- _What is needed_: Below are the entries; return every line among them that holds the word "carrier".

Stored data
◇ ◇ ◇ ◇

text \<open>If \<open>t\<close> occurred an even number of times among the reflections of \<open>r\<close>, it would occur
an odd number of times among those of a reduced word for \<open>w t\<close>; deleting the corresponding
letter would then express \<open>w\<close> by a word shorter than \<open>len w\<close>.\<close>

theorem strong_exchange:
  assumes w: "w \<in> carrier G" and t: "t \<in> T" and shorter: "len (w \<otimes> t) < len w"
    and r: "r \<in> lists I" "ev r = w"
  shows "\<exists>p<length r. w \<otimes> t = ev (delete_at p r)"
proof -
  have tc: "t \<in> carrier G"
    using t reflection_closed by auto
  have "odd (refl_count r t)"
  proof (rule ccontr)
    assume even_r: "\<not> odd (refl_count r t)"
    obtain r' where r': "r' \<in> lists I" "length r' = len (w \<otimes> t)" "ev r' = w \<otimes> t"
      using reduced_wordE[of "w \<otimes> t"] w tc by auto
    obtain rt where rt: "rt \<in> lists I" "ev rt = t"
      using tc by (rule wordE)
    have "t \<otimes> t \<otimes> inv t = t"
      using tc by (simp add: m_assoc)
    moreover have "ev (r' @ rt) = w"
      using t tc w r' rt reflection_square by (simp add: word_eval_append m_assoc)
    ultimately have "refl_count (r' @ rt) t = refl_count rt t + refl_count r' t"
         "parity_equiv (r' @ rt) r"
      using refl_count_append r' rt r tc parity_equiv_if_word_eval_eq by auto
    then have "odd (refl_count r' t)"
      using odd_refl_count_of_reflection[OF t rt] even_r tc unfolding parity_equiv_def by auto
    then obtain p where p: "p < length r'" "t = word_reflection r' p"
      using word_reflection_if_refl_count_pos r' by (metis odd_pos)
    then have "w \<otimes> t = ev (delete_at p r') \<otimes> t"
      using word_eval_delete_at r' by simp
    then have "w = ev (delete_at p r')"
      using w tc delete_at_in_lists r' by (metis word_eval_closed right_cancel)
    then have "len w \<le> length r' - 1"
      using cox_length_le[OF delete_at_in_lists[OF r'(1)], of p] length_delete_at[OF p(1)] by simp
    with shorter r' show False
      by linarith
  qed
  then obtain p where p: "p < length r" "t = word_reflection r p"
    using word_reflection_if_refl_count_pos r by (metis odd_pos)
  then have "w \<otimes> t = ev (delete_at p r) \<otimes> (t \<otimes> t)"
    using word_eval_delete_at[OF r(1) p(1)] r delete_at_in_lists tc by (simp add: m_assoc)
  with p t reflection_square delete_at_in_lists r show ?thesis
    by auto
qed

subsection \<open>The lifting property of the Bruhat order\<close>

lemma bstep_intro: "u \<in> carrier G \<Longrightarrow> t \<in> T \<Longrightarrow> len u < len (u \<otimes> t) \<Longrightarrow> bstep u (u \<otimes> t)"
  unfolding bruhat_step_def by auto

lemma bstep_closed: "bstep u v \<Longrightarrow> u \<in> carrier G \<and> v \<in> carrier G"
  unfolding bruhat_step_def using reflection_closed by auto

◇ ◇ ◇ ◇

- _Answer area_:
  assumes w: "w \<in> carrier G" and t: "t \<in> T" and shorter: "len (w \<otimes> t) < len w"
  have tc: "t \<in> carrier G"
lemma bstep_intro: "u \<in> carrier G \<Longrightarrow> t \<in> T \<Longrightarrow> len u < len (u \<otimes> t) \<Longrightarrow> bstep u (u \<otimes> t)"
lemma bstep_closed: "bstep u v \<Longrightarrow> u \<in> carrier G \<and> v \<in> carrier G"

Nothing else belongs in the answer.